* **Aim of the exercise**
In full and without change, return each entry.

* **Supplied material**
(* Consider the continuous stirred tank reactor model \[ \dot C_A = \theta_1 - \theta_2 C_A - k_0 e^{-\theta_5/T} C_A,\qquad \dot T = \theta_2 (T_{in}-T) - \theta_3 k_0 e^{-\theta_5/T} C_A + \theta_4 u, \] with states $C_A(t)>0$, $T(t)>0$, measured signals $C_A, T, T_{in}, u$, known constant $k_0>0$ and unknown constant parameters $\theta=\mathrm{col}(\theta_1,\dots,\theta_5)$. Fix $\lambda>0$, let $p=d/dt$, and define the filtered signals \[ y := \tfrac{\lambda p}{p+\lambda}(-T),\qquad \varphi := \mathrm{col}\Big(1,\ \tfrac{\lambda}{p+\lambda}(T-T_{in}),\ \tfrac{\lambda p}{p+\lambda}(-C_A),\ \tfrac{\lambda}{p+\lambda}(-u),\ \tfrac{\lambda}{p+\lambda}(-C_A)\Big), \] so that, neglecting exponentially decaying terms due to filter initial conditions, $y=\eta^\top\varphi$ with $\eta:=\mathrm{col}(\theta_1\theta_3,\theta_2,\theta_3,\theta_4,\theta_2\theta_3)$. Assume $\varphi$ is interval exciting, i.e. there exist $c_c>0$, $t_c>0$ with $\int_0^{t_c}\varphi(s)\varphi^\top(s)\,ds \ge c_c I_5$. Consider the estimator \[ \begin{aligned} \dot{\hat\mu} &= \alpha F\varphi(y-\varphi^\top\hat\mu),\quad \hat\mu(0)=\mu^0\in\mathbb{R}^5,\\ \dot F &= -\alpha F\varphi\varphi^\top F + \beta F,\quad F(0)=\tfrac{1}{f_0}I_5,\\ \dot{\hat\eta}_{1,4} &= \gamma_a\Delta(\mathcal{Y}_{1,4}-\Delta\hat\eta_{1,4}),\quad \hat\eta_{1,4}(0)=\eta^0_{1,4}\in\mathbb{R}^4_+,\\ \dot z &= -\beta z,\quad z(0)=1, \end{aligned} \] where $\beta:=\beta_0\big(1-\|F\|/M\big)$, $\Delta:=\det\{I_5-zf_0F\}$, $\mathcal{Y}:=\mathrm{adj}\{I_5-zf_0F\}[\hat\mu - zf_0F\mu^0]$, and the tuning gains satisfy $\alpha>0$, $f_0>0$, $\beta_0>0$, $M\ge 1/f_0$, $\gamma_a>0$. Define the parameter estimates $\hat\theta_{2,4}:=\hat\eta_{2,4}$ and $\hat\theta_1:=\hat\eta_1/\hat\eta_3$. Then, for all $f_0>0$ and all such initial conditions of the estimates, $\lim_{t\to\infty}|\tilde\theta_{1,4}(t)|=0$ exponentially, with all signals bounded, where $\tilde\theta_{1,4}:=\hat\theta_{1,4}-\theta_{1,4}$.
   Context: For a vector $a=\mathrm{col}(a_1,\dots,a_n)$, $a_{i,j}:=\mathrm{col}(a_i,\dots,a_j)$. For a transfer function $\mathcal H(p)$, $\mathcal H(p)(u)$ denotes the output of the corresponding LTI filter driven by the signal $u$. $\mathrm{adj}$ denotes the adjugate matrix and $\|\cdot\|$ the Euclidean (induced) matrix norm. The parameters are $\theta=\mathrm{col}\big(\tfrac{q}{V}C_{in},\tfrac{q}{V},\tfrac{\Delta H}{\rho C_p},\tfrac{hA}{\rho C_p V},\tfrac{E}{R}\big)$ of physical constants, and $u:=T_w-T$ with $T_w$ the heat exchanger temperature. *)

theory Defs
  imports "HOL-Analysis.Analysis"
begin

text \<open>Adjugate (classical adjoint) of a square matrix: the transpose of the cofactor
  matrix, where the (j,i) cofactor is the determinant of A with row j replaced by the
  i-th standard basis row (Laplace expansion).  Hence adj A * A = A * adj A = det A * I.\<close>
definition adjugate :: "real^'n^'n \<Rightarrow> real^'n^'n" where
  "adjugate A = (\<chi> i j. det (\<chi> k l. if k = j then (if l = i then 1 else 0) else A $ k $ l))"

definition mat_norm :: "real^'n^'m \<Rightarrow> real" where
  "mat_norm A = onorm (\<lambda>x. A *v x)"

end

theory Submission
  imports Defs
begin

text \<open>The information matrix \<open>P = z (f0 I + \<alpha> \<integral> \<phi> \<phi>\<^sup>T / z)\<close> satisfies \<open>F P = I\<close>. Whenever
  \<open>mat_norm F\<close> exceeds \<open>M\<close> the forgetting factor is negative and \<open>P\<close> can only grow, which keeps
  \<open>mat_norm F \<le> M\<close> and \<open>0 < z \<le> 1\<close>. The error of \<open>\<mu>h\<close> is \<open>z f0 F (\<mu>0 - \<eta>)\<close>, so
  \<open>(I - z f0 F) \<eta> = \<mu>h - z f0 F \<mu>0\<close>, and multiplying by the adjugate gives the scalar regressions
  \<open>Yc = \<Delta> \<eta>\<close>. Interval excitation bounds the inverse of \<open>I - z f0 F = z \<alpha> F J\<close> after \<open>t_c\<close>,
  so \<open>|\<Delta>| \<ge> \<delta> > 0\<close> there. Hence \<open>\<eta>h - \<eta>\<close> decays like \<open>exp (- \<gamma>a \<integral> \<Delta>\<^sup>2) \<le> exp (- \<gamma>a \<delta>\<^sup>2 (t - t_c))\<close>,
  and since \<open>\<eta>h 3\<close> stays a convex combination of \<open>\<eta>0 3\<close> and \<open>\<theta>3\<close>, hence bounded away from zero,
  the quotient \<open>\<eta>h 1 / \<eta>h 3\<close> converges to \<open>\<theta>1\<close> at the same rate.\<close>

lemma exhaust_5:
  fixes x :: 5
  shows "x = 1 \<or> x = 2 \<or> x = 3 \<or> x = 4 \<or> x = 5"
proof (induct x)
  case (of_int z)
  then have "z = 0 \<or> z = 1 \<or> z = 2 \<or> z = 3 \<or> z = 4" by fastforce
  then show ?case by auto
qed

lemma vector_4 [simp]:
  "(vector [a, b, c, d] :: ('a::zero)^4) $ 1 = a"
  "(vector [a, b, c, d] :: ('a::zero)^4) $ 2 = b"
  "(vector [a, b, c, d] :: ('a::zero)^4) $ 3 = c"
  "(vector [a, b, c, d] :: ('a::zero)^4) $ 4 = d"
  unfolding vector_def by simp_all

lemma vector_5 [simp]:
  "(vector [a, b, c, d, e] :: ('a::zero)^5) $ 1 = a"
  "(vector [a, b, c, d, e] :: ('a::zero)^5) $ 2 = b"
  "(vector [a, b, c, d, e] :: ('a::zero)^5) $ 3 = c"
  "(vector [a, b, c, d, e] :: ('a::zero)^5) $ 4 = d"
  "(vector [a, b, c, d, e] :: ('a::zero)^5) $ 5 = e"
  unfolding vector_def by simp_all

* **Exercise result**
(* Consider the continuous stirred tank reactor model \[ \dot C_A = \theta_1 - \theta_2 C_A - k_0 e^{-\theta_5/T} C_A,\qquad \dot T = \theta_2 (T_{in}-T) - \theta_3 k_0 e^{-\theta_5/T} C_A + \theta_4 u, \] with states $C_A(t)>0$, $T(t)>0$, measured signals $C_A, T, T_{in}, u$, known constant $k_0>0$ and unknown constant parameters $\theta=\mathrm{col}(\theta_1,\dots,\theta_5)$. Fix $\lambda>0$, let $p=d/dt$, and define the filtered signals \[ y := \tfrac{\lambda p}{p+\lambda}(-T),\qquad \varphi := \mathrm{col}\Big(1,\ \tfrac{\lambda}{p+\lambda}(T-T_{in}),\ \tfrac{\lambda p}{p+\lambda}(-C_A),\ \tfrac{\lambda}{p+\lambda}(-u),\ \tfrac{\lambda}{p+\lambda}(-C_A)\Big), \] so that, neglecting exponentially decaying terms due to filter initial conditions, $y=\eta^\top\varphi$ with $\eta:=\mathrm{col}(\theta_1\theta_3,\theta_2,\theta_3,\theta_4,\theta_2\theta_3)$. Assume $\varphi$ is interval exciting, i.e. there exist $c_c>0$, $t_c>0$ with $\int_0^{t_c}\varphi(s)\varphi^\top(s)\,ds \ge c_c I_5$. Consider the estimator \[ \begin{aligned} \dot{\hat\mu} &= \alpha F\varphi(y-\varphi^\top\hat\mu),\quad \hat\mu(0)=\mu^0\in\mathbb{R}^5,\\ \dot F &= -\alpha F\varphi\varphi^\top F + \beta F,\quad F(0)=\tfrac{1}{f_0}I_5,\\ \dot{\hat\eta}_{1,4} &= \gamma_a\Delta(\mathcal{Y}_{1,4}-\Delta\hat\eta_{1,4}),\quad \hat\eta_{1,4}(0)=\eta^0_{1,4}\in\mathbb{R}^4_+,\\ \dot z &= -\beta z,\quad z(0)=1, \end{aligned} \] where $\beta:=\beta_0\big(1-\|F\|/M\big)$, $\Delta:=\det\{I_5-zf_0F\}$, $\mathcal{Y}:=\mathrm{adj}\{I_5-zf_0F\}[\hat\mu - zf_0F\mu^0]$, and the tuning gains satisfy $\alpha>0$, $f_0>0$, $\beta_0>0$, $M\ge 1/f_0$, $\gamma_a>0$. Define the parameter estimates $\hat\theta_{2,4}:=\hat\eta_{2,4}$ and $\hat\theta_1:=\hat\eta_1/\hat\eta_3$. Then, for all $f_0>0$ and all such initial conditions of the estimates, $\lim_{t\to\infty}|\tilde\theta_{1,4}(t)|=0$ exponentially, with all signals bounded, where $\tilde\theta_{1,4}:=\hat\theta_{1,4}-\theta_{1,4}$.
   Context: For a vector $a=\mathrm{col}(a_1,\dots,a_n)$, $a_{i,j}:=\mathrm{col}(a_i,\dots,a_j)$. For a transfer function $\mathcal H(p)$, $\mathcal H(p)(u)$ denotes the output of the corresponding LTI filter driven by the signal $u$. $\mathrm{adj}$ denotes the adjugate matrix and $\|\cdot\|$ the Euclidean (induced) matrix norm. The parameters are $\theta=\mathrm{col}\big(\tfrac{q}{V}C_{in},\tfrac{q}{V},\tfrac{\Delta H}{\rho C_p},\tfrac{hA}{\rho C_p V},\tfrac{E}{R}\big)$ of physical constants, and $u:=T_w-T$ with $T_w$ the heat exchanger temperature. *)

theory Defs
  imports "HOL-Analysis.Analysis"
begin

text \<open>Adjugate (classical adjoint) of a square matrix: the transpose of the cofactor
  matrix, where the (j,i) cofactor is the determinant of A with row j replaced by the
  i-th standard basis row (Laplace expansion).  Hence adj A * A = A * adj A = det A * I.\<close>
definition adjugate :: "real^'n^'n \<Rightarrow> real^'n^'n" where
  "adjugate A = (\<chi> i j. det (\<chi> k l. if k = j then (if l = i then 1 else 0) else A $ k $ l))"

definition mat_norm :: "real^'n^'m \<Rightarrow> real" where
  "mat_norm A = onorm (\<lambda>x. A *v x)"

end

theory Submission
  imports Defs
begin

text \<open>The information matrix \<open>P = z (f0 I + \<alpha> \<integral> \<phi> \<phi>\<^sup>T / z)\<close> satisfies \<open>F P = I\<close>. Whenever
  \<open>mat_norm F\<close> exceeds \<open>M\<close> the forgetting factor is negative and \<open>P\<close> can only grow, which keeps
  \<open>mat_norm F \<le> M\<close> and \<open>0 < z \<le> 1\<close>. The error of \<open>\<mu>h\<close> is \<open>z f0 F (\<mu>0 - \<eta>)\<close>, so
  \<open>(I - z f0 F) \<eta> = \<mu>h - z f0 F \<mu>0\<close>, and multiplying by the adjugate gives the scalar regressions
  \<open>Yc = \<Delta> \<eta>\<close>. Interval excitation bounds the inverse of \<open>I - z f0 F = z \<alpha> F J\<close> after \<open>t_c\<close>,
  so \<open>|\<Delta>| \<ge> \<delta> > 0\<close> there. Hence \<open>\<eta>h - \<eta>\<close> decays like \<open>exp (- \<gamma>a \<integral> \<Delta>\<^sup>2) \<le> exp (- \<gamma>a \<delta>\<^sup>2 (t - t_c))\<close>,
  and since \<open>\<eta>h 3\<close> stays a convex combination of \<open>\<eta>0 3\<close> and \<open>\<theta>3\<close>, hence bounded away from zero,
  the quotient \<open>\<eta>h 1 / \<eta>h 3\<close> converges to \<open>\<theta>1\<close> at the same rate.\<close>

lemma exhaust_5:
  fixes x :: 5
  shows "x = 1 \<or> x = 2 \<or> x = 3 \<or> x = 4 \<or> x = 5"
proof (induct x)
  case (of_int z)
  then have "z = 0 \<or> z = 1 \<or> z = 2 \<or> z = 3 \<or> z = 4" by fastforce
  then show ?case by auto
qed

lemma vector_4 [simp]:
  "(vector [a, b, c, d] :: ('a::zero)^4) $ 1 = a"
  "(vector [a, b, c, d] :: ('a::zero)^4) $ 2 = b"
  "(vector [a, b, c, d] :: ('a::zero)^4) $ 3 = c"
  "(vector [a, b, c, d] :: ('a::zero)^4) $ 4 = d"
  unfolding vector_def by simp_all

lemma vector_5 [simp]:
  "(vector [a, b, c, d, e] :: ('a::zero)^5) $ 1 = a"
  "(vector [a, b, c, d, e] :: ('a::zero)^5) $ 2 = b"
  "(vector [a, b, c, d, e] :: ('a::zero)^5) $ 3 = c"
  "(vector [a, b, c, d, e] :: ('a::zero)^5) $ 4 = d"
  "(vector [a, b, c, d, e] :: ('a::zero)^5) $ 5 = e"
  unfolding vector_def by simp_all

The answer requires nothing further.